--- WORK ITEM ---
Produce word for word the lines of the data below running from the one that has "(simp add: inside)" to the one that has "norm (a i - b", inclusive, and no others.

Entries taken from a collection

+++++

lemma fun_mat_pow_scale: "fun_mat_pow n (\<lambda>i j. c * B i j) k i j = c ^ k * fun_mat_pow n B k i j"
  by (induction k arbitrary: j) (auto simp: sum_distrib_left algebra_simps)

lemma fun_mat_pow_nonneg:
  "(\<And>i j. i < n \<Longrightarrow> j < n \<Longrightarrow> 0 \<le> B i j) \<Longrightarrow> j < n \<Longrightarrow> 0 \<le> fun_mat_pow n B k i j"
  by (induction k arbitrary: j) (auto intro!: sum_nonneg)

lemma spectral_radius_divide_lt_1:
  assumes n: "0 < n" and r: "0 < r"
    and sr: "spectral_radius (mat n n (\<lambda>(p, q). complex_of_real (B p q))) < r"
  shows "spectral_radius (mat n n (\<lambda>(p, q). complex_of_real (B p q / r))) < 1"
proof -
  let ?A = "mat n n (\<lambda>(p, q). complex_of_real (B p q))"
  let ?A' = "mat n n (\<lambda>(p, q). complex_of_real (B p q / r))"
  obtain ev where ev: "ev \<in> spectrum ?A'" "spectral_radius ?A' = norm ev"
    using spectral_radius_mem_max(1)[of ?A' n] n by auto
  then obtain v where v: "v \<in> carrier_vec n" "v \<noteq> 0\<^sub>v n" "?A' *\<^sub>v v = ev \<cdot>\<^sub>v v"
    unfolding spectrum_def eigenvalue_def eigenvector_def by auto
  have "?A *\<^sub>v v = (r * ev) \<cdot>\<^sub>v v"
  proof (rule eq_vecI)
    fix i assume "i < dim_vec ((r * ev) \<cdot>\<^sub>v v)"
    then have i: "i < n"
      using v(1) by simp
    have "(?A *\<^sub>v v) $ i = r * ((?A' *\<^sub>v v) $ i)"
      using i v(1) r by (simp add: scalar_prod_def sum_distrib_left mult.assoc)
    also have "(?A' *\<^sub>v v) $ i = ev * v $ i"
      using arg_cong[OF v(3), of "\<lambda>w. w $ i"] i v(1) by simp
    finally show "(?A *\<^sub>v v) $ i = ((r * ev) \<cdot>\<^sub>v v) $ i"
      using i v(1) by simp
  qed (use v in simp)
  then have "r * ev \<in> spectrum ?A"
    using v unfolding spectrum_def eigenvalue_def eigenvector_def by auto
  then have "norm (r * ev) < r"
    using spectral_radius_mem_max(2)[of ?A n] n sr by fastforce
  then show ?thesis
    using ev(2) r by (simp add: norm_mult)
qed

lemma fun_mat_pow_geometric_bound:
  assumes n: "0 < n" and sr: "spectral_radius (mat n n (\<lambda>(p, q). complex_of_real (B p q))) < 1"
  obtains r c where "0 < r" "r < 1" "\<And>k i j. i < n \<Longrightarrow> j < n \<Longrightarrow> fun_mat_pow n B k i j \<le> r ^ k * c"
proof -
  define \<rho> where "\<rho> = spectral_radius (mat n n (\<lambda>(p, q). complex_of_real (B p q)))"
  have "\<rho> \<in> norm ` spectrum (mat n n (\<lambda>(p, q). complex_of_real (B p q)))"
    unfolding \<rho>_def by (rule spectral_radius_mem_max(1)[OF mat_carrier n])
  then have "0 \<le> \<rho>"
    by auto
  define r where "r = (\<rho> + 1) / 2"
  have r: "0 < r" "r < 1" "\<rho> < r"
    using \<open>0 \<le> \<rho>\<close> sr unfolding r_def \<rho>_def by auto
  have "spectral_radius (mat n n (\<lambda>(p, q). complex_of_real (B p q / r))) < 1"
    using spectral_radius_divide_lt_1[OF n r(1)] r(3) unfolding \<rho>_def by blast
  then obtain c where c: "\<And>k. norm_bound (mat n n (\<lambda>(p, q). complex_of_real (B p q / r)) ^\<^sub>m k) c"
    using spectral_radius_jnf_norm_bound_less_1_upper_triangular[OF mat_carrier] by blast
  have "fun_mat_pow n B k i j \<le> r ^ k * c" if "i < n" "j < n" for k i j
  proof -
    have "fun_mat_pow n B k i j = r ^ k * fun_mat_pow n (\<lambda>p q. B p q / r) k i j"
      using fun_mat_pow_scale[of n r "\<lambda>p q. B p q / r"] r(1) by simp
    moreover have "norm ((mat n n (\<lambda>(p, q). complex_of_real (B p q / r)) ^\<^sub>m k) $$ (i, j)) \<le> c"
      using c[of k] that unfolding norm_bound_def by simp
    then have "fun_mat_pow n (\<lambda>p q. B p q / r) k i j \<le> c"
      using mat_pow_of_real_index[OF that, of "\<lambda>p q. B p q / r" k] by simp
    ultimately show ?thesis
      using r(1) by (simp add: mult_left_mono)
  qed
  with r that show ?thesis
    by blast
qed

lemma fun_mat_pow_column_sum_lt_1:
  assumes n: "0 < n" and sr: "spectral_radius (mat n n (\<lambda>(p, q). complex_of_real (B p q))) < 1"
  obtains K where "\<And>q. q < n \<Longrightarrow> (\<Sum>p<n. fun_mat_pow n B K p q) < 1"
proof -
  obtain r c where r: "0 < r" "r < 1" and bound: "\<And>k i j. i < n \<Longrightarrow> j < n \<Longrightarrow> fun_mat_pow n B k i j \<le> r ^ k * c"
    using fun_mat_pow_geometric_bound[OF n sr] by blast
  have e: "0 < n * \<bar>c\<bar> + 1"
    by (intro add_nonneg_pos) auto
  then obtain K where K: "r ^ K < 1 / (n * \<bar>c\<bar> + 1)"
    using real_arch_pow_inv[OF _ r(2), of "1 / (n * \<bar>c\<bar> + 1)"] e by auto
  have "(\<Sum>p<n. fun_mat_pow n B K p q) < 1" if "q < n" for q
  proof -
    have "(\<Sum>p<n. fun_mat_pow n B K p q) \<le> (\<Sum>p<n. r ^ K * \<bar>c\<bar>)"
      using that r by (intro sum_mono order_trans[OF bound] mult_left_mono) auto
    also have "\<dots> \<le> r ^ K * (n * \<bar>c\<bar> + 1)"
      using r by (simp add: algebra_simps)
    also have "\<dots> < 1"
      using K pos_less_divide_eq[OF e] by simp
    finally show ?thesis .
  qed
  then show ?thesis
    using that by blast
qed

lemma subinvariant_weight_of_spectral_radius_lt_1:
  assumes n: "0 < n" and nonneg: "\<And>i j. i < n \<Longrightarrow> j < n \<Longrightarrow> 0 \<le> B i j"
    and sr: "spectral_radius (mat n n (\<lambda>(p, q). complex_of_real (B p q))) < 1"
  shows "\<exists>w. (\<forall>q<n. 1 \<le> w q) \<and> (\<forall>q<n. (\<Sum>p<n. w p * B p q) < w q)"
proof -
  define f where "f k q = (\<Sum>p<n. fun_mat_pow n B k p q)" for k q
  obtain K where K: "\<And>q. q < n \<Longrightarrow> f K q < 1"
    unfolding f_def using fun_mat_pow_column_sum_lt_1[OF n sr] by blast
  \<comment> \<open>\<open>w\<close> truncates the Neumann series \<open>\<Sum>\<^sub>k \<one>\<^sup>T B\<^sup>k\<close>; by telescoping, \<open>w B = w - \<one>\<^sup>T + \<one>\<^sup>T B\<^sup>K\<close>\<close>
  define w where "w q = (\<Sum>k<K. f k q)" for q
  have f0: "f 0 q = 1" if "q < n" for q
    unfolding f_def using that by simp
  have "K \<noteq> 0"
    using K[OF n] f0[OF n] by (cases K) auto
  have "1 \<le> w q" if "q < n" for q
  proof -
    have "f 0 q \<le> w q"
      unfolding w_def f_def using \<open>K \<noteq> 0\<close> fun_mat_pow_nonneg[OF nonneg that]
      by (intro member_le_sum sum_nonneg) auto
    with f0[OF that] show ?thesis
      by simp
  qed
  moreover have "(\<Sum>p<n. w p * B p q) < w q" if "q < n" for q
  proof -
    have "(\<Sum>p<n. w p * B p q) = (\<Sum>p<n. \<Sum>k<K. \<Sum>p'<n. fun_mat_pow n B k p' p * B p q)"
      unfolding w_def f_def sum_distrib_right ..
    also have "\<dots> = (\<Sum>k<K. \<Sum>p'<n. \<Sum>p<n. fun_mat_pow n B k p' p * B p q)"
      by (subst sum.swap) (intro sum.cong refl sum.swap)
    also have "\<dots> = (\<Sum>k<K. f (Suc k) q)"
      unfolding f_def by simp
    also have "\<dots> = w q - f 0 q + f K q"
      using sum.lessThan_Suc_shift[of "\<lambda>k. f k q" K] sum.lessThan_Suc[of "\<lambda>k. f k q" K]
      unfolding w_def by linarith
    also have "\<dots> < w q"
      using f0[OF that] K[OF that] by simp
    finally show ?thesis .
  qed
  ultimately show ?thesis
    by blast
qed
(* Let $(v_\alpha(x))_{\alpha\in A}$ be a collection of real-analytic $\mathbb C^K$-valued functions on a neighborhood of $0$ in $\mathbb R^m$. If the dimension of $\operatorname{span}_\mathbb C\{v_\alpha(x):\alpha\in A\}$ is not constant for $x$ in any neighborhood of $0$, then there exists an integer $\kappa>1$ such that, for any other collection $(v'_\alpha(x))_{\alpha\in A}$ of real-analytic $\mathbb C^K$-valued functions on some neighborhood of $0$ with $v'_\alpha(x)=v_\alpha(x)+O(|x|^\kappa)$ for every $\alpha\in A$, the dimension of $\operatorname{span}_\mathbb C\{v'_\alpha(x):\alpha\in A\}$ is also not constant in any neighborhood of $0$. *)

theory Defs
  imports "HOL-Analysis.Analysis"
begin

text \<open>Real-analyticity of a map from R^m (= real^'m) to C^K (= complex^'k):
  near every point it is the sum of an (unconditionally, i.e. absolutely) convergent
  power series in the m real coordinates, indexed by multi-indices 'm \<Rightarrow> nat.\<close>

definition real_analytic_at :: "(real^'m \<Rightarrow> complex^'k) \<Rightarrow> real^'m \<Rightarrow> bool" where
  "real_analytic_at f x0 \<longleftrightarrow>
     (\<exists>r>0. \<exists>c :: ('m \<Rightarrow> nat) \<Rightarrow> complex^'k.
        \<forall>x\<in>ball x0 r.
          ((\<lambda>\<alpha>. (\<Prod>i\<in>UNIV. (x$i - x0$i) ^ (\<alpha> i)) *\<^sub>R c \<alpha>) has_sum f x) UNIV)"

definition real_analytic_on :: "(real^'m \<Rightarrow> complex^'k) \<Rightarrow> (real^'m) set \<Rightarrow> bool" where
  "real_analytic_on f U \<longleftrightarrow> (\<forall>x\<in>U. real_analytic_at f x)"

definition span_dim :: "('a \<Rightarrow> real^'m \<Rightarrow> complex^'k) \<Rightarrow> 'a set \<Rightarrow> real^'m \<Rightarrow> nat" where
  "span_dim v A x = vec.dim (vec.span ((\<lambda>\<alpha>. v \<alpha> x) ` A))"

definition dim_nonconstant_near_0 :: "('a \<Rightarrow> real^'m \<Rightarrow> complex^'k) \<Rightarrow> 'a set \<Rightarrow> (real^'m) set \<Rightarrow> bool" where
  "dim_nonconstant_near_0 v A D \<longleftrightarrow>
     (\<forall>U. open U \<longrightarrow> 0 \<in> U \<longrightarrow> U \<subseteq> D \<longrightarrow> (\<exists>x\<in>U. \<exists>y\<in>U. span_dim v A x \<noteq> span_dim v A y))"

end

theory Submission
  imports Defs "HOL-Complex_Analysis.Complex_Analysis"
begin

text \<open>
  Let \<open>r\<close> be the dimension of the span at \<open>0\<close>. A Gram determinant shows that the dimension
  is lower semicontinuous, so non-constancy produces points \<open>x1\<close> arbitrarily close to \<open>0\<close>
  at which \<open>r + 1\<close> of the vectors \<open>v\<^sub>\<alpha>(x1)\<close> are independent. Let \<open>g(t)\<close> be the
  determinant of their pairings at \<open>t x1\<close> against their values at \<open>x1\<close>. It is
  real-analytic on \<open>[0, 1]\<close> and \<open>g(1) \<noteq> 0\<close>, so by the identity theorem it does not vanish
  identically near \<open>0\<^sup>+\<close>, whence \<open>\<bar>g(t)\<bar> \<ge> c t^d\<close> for small \<open>t > 0\<close>. Put \<open>\<kappa> = d + 2\<close>:
  a perturbation of order \<open>\<kappa>\<close> changes the determinant at \<open>t x1\<close> only by \<open>O(t^(d+2))\<close>, so
  the perturbed span still has dimension \<open>> r\<close> at \<open>t x1\<close> for all small \<open>t > 0\<close>, while at
  \<open>0\<close>, where the perturbation vanishes, its dimension is still \<open>r\<close>.
\<close>

section \<open>Gram determinants\<close>

definition herm_inner :: "complex^'k \<Rightarrow> complex^'k \<Rightarrow> complex" where
  "herm_inner w u = (\<Sum>j\<in>UNIV. cnj (w $ j) * u $ j)"

lemma herm_inner_sum_right:
  "herm_inner w (\<Sum>l\<in>I. c l *s U l) = (\<Sum>l\<in>I. c l * herm_inner w (U l))"
  by (simp add: herm_inner_def sum_component sum_distrib_left sum_distrib_right
      sum.swap[of _ I] mult_ac)

lemma herm_inner_sum_left:
  "herm_inner (\<Sum>l\<in>I. c l *s U l) u = (\<Sum>l\<in>I. cnj (c l) * herm_inner (U l) u)"
  by (simp add: herm_inner_def sum_component cnj_sum sum_distrib_left sum_distrib_right
      sum.swap[of _ I] mult_ac)

lemma herm_inner_diff_right: "herm_inner w (u - u') = herm_inner w u - herm_inner w u'"
  by (simp add: herm_inner_def right_diff_distrib sum_subtractf)

lemma herm_inner_self: "herm_inner u u = of_real ((norm u)\<^sup>2)"
proof -
  have "cnj z * z = of_real ((cmod z)\<^sup>2)" for z
    by (metis complex_norm_square mult.commute of_real_power)
  then have "herm_inner u u = (\<Sum>j\<in>UNIV. of_real ((cmod (u $ j))\<^sup>2))"
    unfolding herm_inner_def by (simp only:)
  also have "\<dots> = of_real ((norm u)\<^sup>2)"
    by (simp add: norm_vec_def L2_set_def sum_nonneg)
  finally show ?thesis .
qed

lemma norm_herm_inner_le: "cmod (herm_inner w u) \<le> (\<Sum>j\<in>UNIV. cmod (w $ j)) * norm u"
proof -
  have "cmod (herm_inner w u) \<le> (\<Sum>j\<in>UNIV. cmod (w $ j) * cmod (u $ j))"
    unfolding herm_inner_def by (rule order_trans[OF norm_sum]) (simp add: norm_mult)
  also have "\<dots> \<le> (\<Sum>j\<in>UNIV. cmod (w $ j) * norm u)"
    by (intro sum_mono mult_left_mono Finite_Cartesian_Product.norm_nth_le) auto
  finally show ?thesis by (simp add: sum_distrib_right)
qed

text \<open>Padding with the identity outside \<open>I \<times> I\<close> makes the determinant the Gram
  determinant of the pairings \<open>\<langle>W k, U l\<rangle>\<close>, \<open>k, l \<in> I\<close>.\<close>

definition gram_matrix :: "'k set \<Rightarrow> ('k \<Rightarrow> complex^'k) \<Rightarrow> ('k \<Rightarrow> complex^'k) \<Rightarrow> complex^'k^'k" where
  "gram_matrix I W U =
     (\<chi> k l. if k \<in> I \<and> l \<in> I then herm_inner (W k) (U l) else if k = l then 1 else 0)"

lemma gram_matrix_mult_vector:
  fixes x :: "complex^'k::finite"
  shows "(gram_matrix I W U *v x) $ k =
           (if k \<in> I then herm_inner (W k) (\<Sum>l\<in>I. x $ l *s U l) else x $ k)"
proof (cases "k \<in> I")
  case True
  have "(gram_matrix I W U *v x) $ k = (\<Sum>l\<in>UNIV. if l \<in> I then herm_inner (W k) (U l) * x $ l else 0)"
    unfolding matrix_vector_mult_def gram_matrix_def using True by (auto intro!: sum.cong)
  also have "\<dots> = herm_inner (W k) (\<Sum>l\<in>I. x $ l *s U l)"
    by (simp add: sum.If_cases herm_inner_sum_right mult.commute)
  finally show ?thesis using True by simp
next
  case False
  then show ?thesis
    by (simp add: matrix_vector_mult_def gram_matrix_def if_distrib[of "\<lambda>a. a * _"] cong: if_cong)
qed

lemma det_nonzero_iff_kernel_trivial:
  fixes M :: "'a::field^'n^'n"
  shows "det M \<noteq> 0 \<longleftrightarrow> (\<forall>x. M *v x = 0 \<longrightarrow> x = 0)"
proof -
  have lin: "Vector_Spaces.linear (*s) (*s) ((*v) M)" by simp
  have "det M \<noteq> 0 \<longleftrightarrow> inj ((*v) M)"
    using det_nz_iff_inj_gen[OF lin] by simp
  also have "\<dots> \<longleftrightarrow> (\<forall>x. M *v x = 0 \<longrightarrow> x = 0)"
    using vec.linear_inj_iff_eq_0[OF lin] by auto
  finally show ?thesis .
qed

lemma independent_family_if_det_gram_nonzero:
  fixes U :: "'k::finite \<Rightarrow> complex^'k"
  assumes "det (gram_matrix I W U) \<noteq> 0" "(\<Sum>l\<in>I. c l *s U l) = 0" "l \<in> I"
  shows "c l = 0"
proof -
  define x where "x = (\<chi> l. if l \<in> I then c l else 0)"
  have "(\<Sum>l\<in>I. x $ l *s U l) = 0"
    using assms(2) by (simp add: x_def)
  then have "gram_matrix I W U *v x = 0"
    by (simp add: vec_eq_iff gram_matrix_mult_vector herm_inner_def) (simp add: x_def)
  then have "x = 0" using assms(1) det_nonzero_iff_kernel_trivial by blast
  then show ?thesis using assms(3) by (simp add: x_def vec_eq_iff) (metis (mono_tags))
qed

lemma det_gram_self_nonzero:
  fixes W :: "'k::finite \<Rightarrow> complex^'k"
  assumes indep: "\<And>c l. (\<Sum>l\<in>I. c l *s W l) = 0 \<Longrightarrow> l \<in> I \<Longrightarrow> c l = 0"
  shows "det (gram_matrix I W W) \<noteq> 0"
unfolding det_nonzero_iff_kernel_trivial
proof (intro allI impI)
  fix x assume x: "gram_matrix I W W *v x = 0"
  define u where "u = (\<Sum>l\<in>I. x $ l *s W l)"
  have outside: "x $ k = 0" if "k \<notin> I" for k
    using arg_cong[OF x, of "\<lambda>y. y $ k"] that by (simp add: gram_matrix_mult_vector)
  have inside: "herm_inner (W k) u = 0" if "k \<in> I" for k
    using arg_cong[OF x, of "\<lambda>y. y $ k"] that by (simp add: gram_matrix_mult_vector u_def)
  have "herm_inner u u = (\<Sum>l\<in>I. cnj (x $ l) * herm_inner (W l) u)"
    unfolding u_def by (rule herm_inner_sum_left)
  also have "\<dots> = 0" by (simp add: inside)
  finally have "u = 0" by (simp add: herm_inner_self)
  then have "x $ l = 0" if "l \<in> I" for l
    using indep[of "\<lambda>l. x $ l"] that by (simp add: u_def)
  with outside show "x = 0" by (auto simp: vec_eq_iff)
qed

lemma isCont_det:
  fixes M :: "'x::t2_space \<Rightarrow> 'a::real_normed_field^'n::finite^'n"
  assumes "\<And>i j. isCont (\<lambda>x. M x $ i $ j) x0"
  shows "isCont (\<lambda>x. det (M x)) x0"
  unfolding det_def by (intro continuous_intros assms)

lemma isCont_det_gram_matrix:
  fixes U :: "'k::finite \<Rightarrow> 'x::t2_space \<Rightarrow> complex^'k"
  assumes "\<And>l. l \<in> I \<Longrightarrow> isCont (U l) x0"
  shows "isCont (\<lambda>x. det (gram_matrix I W (\<lambda>l. U l x))) x0"
proof (rule isCont_det)
  fix k l
  show "isCont (\<lambda>x. gram_matrix I W (\<lambda>l. U l x) $ k $ l) x0"
    using assms by (cases "k \<in> I \<and> l \<in> I") (auto simp: gram_matrix_def herm_inner_def intro!: continuous_intros)
qed

lemma norm_prod_diff_le:
  fixes a b :: "'i \<Rightarrow> 'a::real_normed_field" and M e :: real
  assumes "finite S" "1 \<le> M"
    and "\<And>i. i \<in> S \<Longrightarrow> norm (a i) \<le> M" "\<And>i. i \<in> S \<Longrightarrow> norm (b i) \<le> M"
    and "\<And>i. i \<in> S \<Longrightarrow> norm (a i - b i) \<le> e"
  shows "norm (prod a S - prod b S) \<le> card S * M ^ card S * e"
  using assms(1,3-5)
proof (induction S rule: finite_induct)
  case empty
  then show ?case by simp
next
  case (insert x S)
  have e: "0 \<le> e" using norm_ge_zero order_trans insert.prems(3) by blast
  have IH: "norm (prod a S - prod b S) \<le> card S * M ^ card S * e"
    using insert by auto
  have "norm (prod b S) = (\<Prod>i\<in>S. norm (b i))" by (simp add: prod_norm)
  also have "\<dots> \<le> M ^ card S"
    using insert.prems(2) prod_mono[of S "\<lambda>i. norm (b i)" "\<lambda>_. M"] by simp
  finally have b: "norm (prod b S) \<le> M ^ card S" .
  have "prod a (insert x S) - prod b (insert x S) = a x * (prod a S - prod b S) + (a x - b x) * prod b S"
    using insert by (simp add: algebra_simps)
  then have "norm (prod a (insert x S) - prod b (insert x S))
      \<le> norm (a x) * norm (prod a S - prod b S) + norm (a x - b x) * norm (prod b S)"
    by (metis norm_mult norm_triangle_ineq)
  also have "\<dots> \<le> M * (card S * M ^ card S * e) + e * M ^ card S"
    using insert.prems IH b e assms(2) by (intro add_mono mult_mono) auto
  also have "\<dots> \<le> M * (card S * M ^ card S * e) + e * (M * M ^ card S)"
    using e assms(2) by (intro add_left_mono mult_left_mono) auto
  also have "\<dots> = card (insert x S) * M ^ card (insert x S) * e"
    using insert by (simp add: algebra_simps)
  finally show ?case .
qed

+++++

--- EXPECTED OUTPUT ---
  also have "\<dots> = 0" by (simp add: inside)
  finally have "u = 0" by (simp add: herm_inner_self)
  then have "x $ l = 0" if "l \<in> I" for l
    using indep[of "\<lambda>l. x $ l"] that by (simp add: u_def)
  with outside show "x = 0" by (auto simp: vec_eq_iff)
qed

lemma isCont_det:
  fixes M :: "'x::t2_space \<Rightarrow> 'a::real_normed_field^'n::finite^'n"
  assumes "\<And>i j. isCont (\<lambda>x. M x $ i $ j) x0"
  shows "isCont (\<lambda>x. det (M x)) x0"
  unfolding det_def by (intro continuous_intros assms)

lemma isCont_det_gram_matrix:
  fixes U :: "'k::finite \<Rightarrow> 'x::t2_space \<Rightarrow> complex^'k"
  assumes "\<And>l. l \<in> I \<Longrightarrow> isCont (U l) x0"
  shows "isCont (\<lambda>x. det (gram_matrix I W (\<lambda>l. U l x))) x0"
proof (rule isCont_det)
  fix k l
  show "isCont (\<lambda>x. gram_matrix I W (\<lambda>l. U l x) $ k $ l) x0"
    using assms by (cases "k \<in> I \<and> l \<in> I") (auto simp: gram_matrix_def herm_inner_def intro!: continuous_intros)
qed

lemma norm_prod_diff_le:
  fixes a b :: "'i \<Rightarrow> 'a::real_normed_field" and M e :: real
  assumes "finite S" "1 \<le> M"
    and "\<And>i. i \<in> S \<Longrightarrow> norm (a i) \<le> M" "\<And>i. i \<in> S \<Longrightarrow> norm (b i) \<le> M"
    and "\<And>i. i \<in> S \<Longrightarrow> norm (a i - b i) \<le> e"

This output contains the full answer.